Et si Blanche-Neige et le Chasseur est réussi, c’est aussi et en grande partie grâce à ses acteurs. Incontestablement dominé par la prestation habitée d’une Charlize Theron surprenante, le casting jouit d’une cohérence rare. L’actrice sud-africaine livre une performance « bigger than life », qui fait de son personnage l’un des grands méchants du cinéma grand public de ces dernières années. Inspirée par le Jack Nicholson de Shining, la sublime comédienne se prête au jeu sans cabotinage -contrairement à Julia Roberts qui, il y a quelques semaines, en faisait des caisses dans le même rôle- et contribue à la noirceur de l’ensemble. Maléfique jusqu’au bout des cils, sa Reine est une matrone torturée, dépressive, obsédée et plus qu’à son tour inquiétante. Le spectacle est total lorsque Charlize est à l’écran. Un écran qu’elle bouffe sans partage. De quoi rendre d’ailleurs les scènes qui constituent la partie centrale du film, d’où elle est absente, un peu plus fades.
Dans le rôle titre, Kristen Stewart fait preuve d’une belle ténacité et d’une fraicheur appréciable. Fragile en apparence, sa Blanche-Neige détient une force insoupçonnée et traduit sa détermination par des actions qui sont d’habitude réservées aux hommes. Le côté garçon manqué de celle qui n’en finit plus d’assoir un talent hors-norme, peut alors exploser. En armure ou dans la tenue de la parfaite jouvencelle, Kristen étincelle de mille feux. Son Prince, ici chasseur, est aussi rustre que finalement très proche de la personnalité du personnage clé de son interprète, le puissant Thor. Une personnalité qualifiable en deux mots : taquin et bourrin. Chris Hemsworth, ces derniers temps omniprésent, fait le boulot avec le charisme qui est le sien et compose avec les faiblesses d’écriture de son personnage qui reste le plus caricatural du lot. L’autre bonne surprise aux rayon de la distribution vient des sept nains. Une joyeuse troupe qui permet de retrouver un beau panel d’acteurs, de Nick Frost (Shaun of the Dead, Hot Fuzz), à Ian McShane (Pirates des Caraïbes 4), en passant par Toby Jones (La Taupe) ou encore Bob Hoskins (Qui veut la peau de Roger Rabbit). De quoi pardonner les ressemblances tenaces entre ces nains-ci et ceux de Tolkien.

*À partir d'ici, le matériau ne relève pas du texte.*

lemma continuous_map_tvs_add:
  assumes "tvs tau" "continuous_map X tau g" "continuous_map X tau h"
  shows "continuous_map X tau (\<lambda>x. g x + h x)"
proof -
  have "continuous_map X tau ((\<lambda>(x, y). x + y) \<circ> (\<lambda>x. (g x, h x)))"
    using assms by (intro continuous_map_compose[OF continuous_map_pairedI]) (auto simp: tvs_def)
  then show ?thesis
    by (simp add: o_def)
qed

lemma continuous_map_tvs_scaleR:
  assumes "tvs tau" "continuous_map X euclideanreal a" "continuous_map X tau g"
  shows "continuous_map X tau (\<lambda>x. a x *\<^sub>R g x)"
proof -
  have "continuous_map X tau ((\<lambda>(a, x). a *\<^sub>R x) \<circ> (\<lambda>x. (a x, g x)))"
    using assms by (intro continuous_map_compose[OF continuous_map_pairedI]) (auto simp: tvs_def)
  then show ?thesis
    by (simp add: o_def)
qed

lemma continuous_map_tvs_sum:
  assumes "tvs tau" "\<And>i. i \<in> I \<Longrightarrow> continuous_map X tau (g i)"
  shows "continuous_map X tau (\<lambda>x. \<Sum>i\<in>I. g i x)"
  using assms(2)
proof (induction I rule: infinite_finite_induct)
  case (insert i I)
  then show ?case
    by (simp add: continuous_map_tvs_add[OF assms(1)])
qed (use assms(1) in \<open>simp_all add: tvs_def\<close>)

section \<open>The pseudometric of finitely many functionals\<close>

definition dual_dist :: "('a \<Rightarrow> real) set \<Rightarrow> 'a \<Rightarrow> 'a \<Rightarrow> real" where
  "dual_dist V x y = (\<Sum>v\<in>V. \<bar>v x - v y\<bar>)"

lemma dual_dist_commute: "dual_dist V x y = dual_dist V y x"
  by (simp add: dual_dist_def abs_minus_commute)
(* Let $T>0$, let $(\pi_n)$ be a sequence of regular partitions of $[0,T]$, i.e. $t^n_k=kT/N_n$ for $k=0,\dots,N_n$ with $(N_n)$ strictly increasing natural numbers, and let $X=\{X(t)\colon t\in[0,T]\}$ be a mean zero second order process satisfying (C1) and (C2) with constants $\gamma\in(0,1)$, $\kappa>0$. Then $$\mathbb{E}V^{(2)}_{N_n}(X,2)\longrightarrow\kappa^2(4-2^{2\gamma})T\qquad(n\to\infty),$$ where $V^{(2)}_{N_n}(X,2)=(T^{-1}N_n)^{2\gamma-1}\sum_{k=1}^{N_n-1}\big(X(t^n_{k+1})-2X(t^n_k)+X(t^n_{k-1})\big)^2$.
   Context: $\sigma_X^2(s,t)=\mathbb{E}[X(t)-X(s)]^2$. $\Psi$ is the class of continuous $\varphi\colon(0,T]\to[0,\infty)$ with $\varphi(h)\to0$, $L(h):=\varphi(h)/h\to\infty$, $hL(h)^3\to0$ as $h\downarrow0$. (C1): $\sigma_X(0,\delta)=O(\delta^\gamma)$ as $\delta\downarrow0$. (C2): for every $\varphi\in\Psi$, $\sup_{\varphi(\delta)\le t\le T-\delta}\sup_{0<h\le\delta}|\sigma_X(t,t+h)/(\kappa h^\gamma)-1|\to0$ as $\delta\downarrow0$. *)

theory Defs
  imports "HOL-Probability.Probability" "HOL-Library.Landau_Symbols"
begin

definition second_order_process ::
  "'a measure \<Rightarrow> real \<Rightarrow> (real \<Rightarrow> 'a \<Rightarrow> real) \<Rightarrow> bool" where
  "second_order_process M T X \<longleftrightarrow>
     (\<forall>t\<in>{0..T}. X t \<in> borel_measurable M \<and> integrable M (\<lambda>\<omega>. (X t \<omega>)\<^sup>2))"

definition mean_zero :: "'a measure \<Rightarrow> real \<Rightarrow> (real \<Rightarrow> 'a \<Rightarrow> real) \<Rightarrow> bool" where
  "mean_zero M T X \<longleftrightarrow> (\<forall>t\<in>{0..T}. integral\<^sup>L M (X t) = 0)"

definition sigmaX :: "'a measure \<Rightarrow> (real \<Rightarrow> 'a \<Rightarrow> real) \<Rightarrow> real \<Rightarrow> real \<Rightarrow> real" where
  "sigmaX M X s t = sqrt (integral\<^sup>L M (\<lambda>\<omega>. (X t \<omega> - X s \<omega>)\<^sup>2))"

definition PsiClass :: "real \<Rightarrow> (real \<Rightarrow> real) set" where
  "PsiClass T = {\<phi>. continuous_on {0<..T} \<phi> \<and> (\<forall>h\<in>{0<..T}. \<phi> h \<ge> 0)
      \<and> (\<phi> \<longlongrightarrow> 0) (at_right 0)
      \<and> filterlim (\<lambda>h. \<phi> h / h) at_top (at_right 0)
      \<and> ((\<lambda>h. h * (\<phi> h / h) ^ 3) \<longlongrightarrow> 0) (at_right 0)}"

definition condC1 :: "'a measure \<Rightarrow> (real \<Rightarrow> 'a \<Rightarrow> real) \<Rightarrow> real \<Rightarrow> bool" where
  "condC1 M X \<gamma> \<longleftrightarrow> (\<lambda>\<delta>. sigmaX M X 0 \<delta>) \<in> O[at_right 0](\<lambda>\<delta>. \<delta> powr \<gamma>)"

text \<open>sup over the set tends to 0, unfolded as: for every eps, eventually all terms are \<le> eps.\<close>
definition condC2 :: "'a measure \<Rightarrow> real \<Rightarrow> (real \<Rightarrow> 'a \<Rightarrow> real) \<Rightarrow> real \<Rightarrow> real \<Rightarrow> bool" where
  "condC2 M T X \<gamma> \<kappa> \<longleftrightarrow> (\<forall>\<phi>\<in>PsiClass T. \<forall>\<epsilon>>0. eventually (\<lambda>\<delta>.
      \<forall>t h. \<phi> \<delta> \<le> t \<and> t \<le> T - \<delta> \<and> 0 < h \<and> h \<le> \<delta> \<longrightarrow>
        \<bar>sigmaX M X t (t + h) / (\<kappa> * h powr \<gamma>) - 1\<bar> \<le> \<epsilon>) (at_right 0))"

definition V2 :: "real \<Rightarrow> real \<Rightarrow> nat \<Rightarrow> (real \<Rightarrow> 'a \<Rightarrow> real) \<Rightarrow> 'a \<Rightarrow> real" where
  "V2 T \<gamma> N X \<omega> = (real N / T) powr (2 * \<gamma> - 1) *
     (\<Sum>k=1..N-1. (X (real (k+1) * T / N) \<omega> - 2 * X (real k * T / N) \<omega>
                    + X (real (k-1) * T / N) \<omega>)\<^sup>2)"

end

theory Submission
  imports Defs "HOL-Real_Asymp.Real_Asymp"
begin

text \<open>
  With \<open>h = T/N\<close> and the second differences \<open>D_k = X(t_{k+1}) - 2 X(t_k) + X(t_{k-1})\<close>,
  polarization gives \<open>E D_k^2 = 2 \<sigma>(t_k,t_{k+1})^2 + 2 \<sigma>(t_{k-1},t_k)^2 - \<sigma>(t_{k-1},t_{k+1})^2\<close>.
  Wherever (C2) applies, i.e. for \<open>t_{k-1} \<ge> \<phi>(2h)\<close>, this is \<open>\<kappa>^2 h^{2\<gamma>} (4 - 2^{2\<gamma>})\<close> up to
  a relative error \<open>O(\<epsilon>)\<close>, and after the normalisation by \<open>h^{1-2\<gamma>}\<close> these terms add up to
  \<open>\<kappa>^2 (4 - 2^{2\<gamma>}) T\<close>. The at most \<open>\<phi>(2h)/h + 1\<close> remaining terms lie in a boundary layer
  at the origin, where (C1) bounds each of them by \<open>O(\<phi>(2h)^{2\<gamma>})\<close>. For \<open>\<phi>(h) = h^{3/4}\<close> their
  total contribution is \<open>O(h^{3/4 - \<gamma>/2})\<close>, which vanishes because \<open>\<gamma> < 1\<close>.
\<close>

lemma powr_squared: "(x powr a)\<^sup>2 = x powr (2 * a)" for x a :: real
  by (simp add: power2_eq_square powr_add[symmetric])

lemma sigmaX_squared: "(sigmaX M X s t)\<^sup>2 = integral\<^sup>L M (\<lambda>\<omega>. (X t \<omega> - X s \<omega>)\<^sup>2)"
  unfolding sigmaX_def by (simp add: integral_nonneg)

lemma integrable_increment_squared:
  assumes "second_order_process M T X" "s \<in> {0..T}" "t \<in> {0..T}"
  shows "integrable M (\<lambda>\<omega>. (X t \<omega> - X s \<omega>)\<^sup>2)"
proof (rule Bochner_Integration.integrable_bound)
  show "integrable M (\<lambda>\<omega>. 2 * (X t \<omega>)\<^sup>2 + 2 * (X s \<omega>)\<^sup>2)"
    using assms by (auto simp: second_order_process_def)
  have "X s \<in> borel_measurable M" "X t \<in> borel_measurable M"
    using assms by (auto simp: second_order_process_def)
  then show "(\<lambda>\<omega>. (X t \<omega> - X s \<omega>)\<^sup>2) \<in> borel_measurable M"
    by measurable
  have "(u - v)\<^sup>2 \<le> 2 * u\<^sup>2 + 2 * v\<^sup>2" for u v :: real
    using zero_le_power2[of "u + v"] by (simp add: power2_eq_square algebra_simps)
  then show "AE \<omega> in M. norm ((X t \<omega> - X s \<omega>)\<^sup>2) \<le> norm (2 * (X t \<omega>)\<^sup>2 + 2 * (X s \<omega>)\<^sup>2)"
    by simp
qed

definition second_diff_moment ::
  "'a measure \<Rightarrow> (real \<Rightarrow> 'a \<Rightarrow> real) \<Rightarrow> real \<Rightarrow> real \<Rightarrow> real \<Rightarrow> real" where
  "second_diff_moment M X s t u = integral\<^sup>L M (\<lambda>\<omega>. (X u \<omega> - 2 * X t \<omega> + X s \<omega>)\<^sup>2)"

lemma second_diff_moment_nonneg: "0 \<le> second_diff_moment M X s t u"
  by (simp add: second_diff_moment_def integral_nonneg)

Blanche-Neige et le Chasseur est ainsi une bonne surprise. En poussant un peu, on serait même tenté d’affirmer qu’il s’agit du meilleur film inspiré du conte des Grimm, juste derrière l’animé de Disney. Pour la simple et bonne raison qu’ici, le soin, le respect et l’engagement des forces en présence rattrapent largement les faux pas. Plutôt violent sans pour autant dépasser la ligne jaune, plein de souffle, pas kitsch pour deux sous et souvent merveilleux (au sens conte de fée du terme), Blanche-Neige et le Chasseur est un grand film familial. Et jusqu’à preuve du contraire, ce n’est pas un défaut.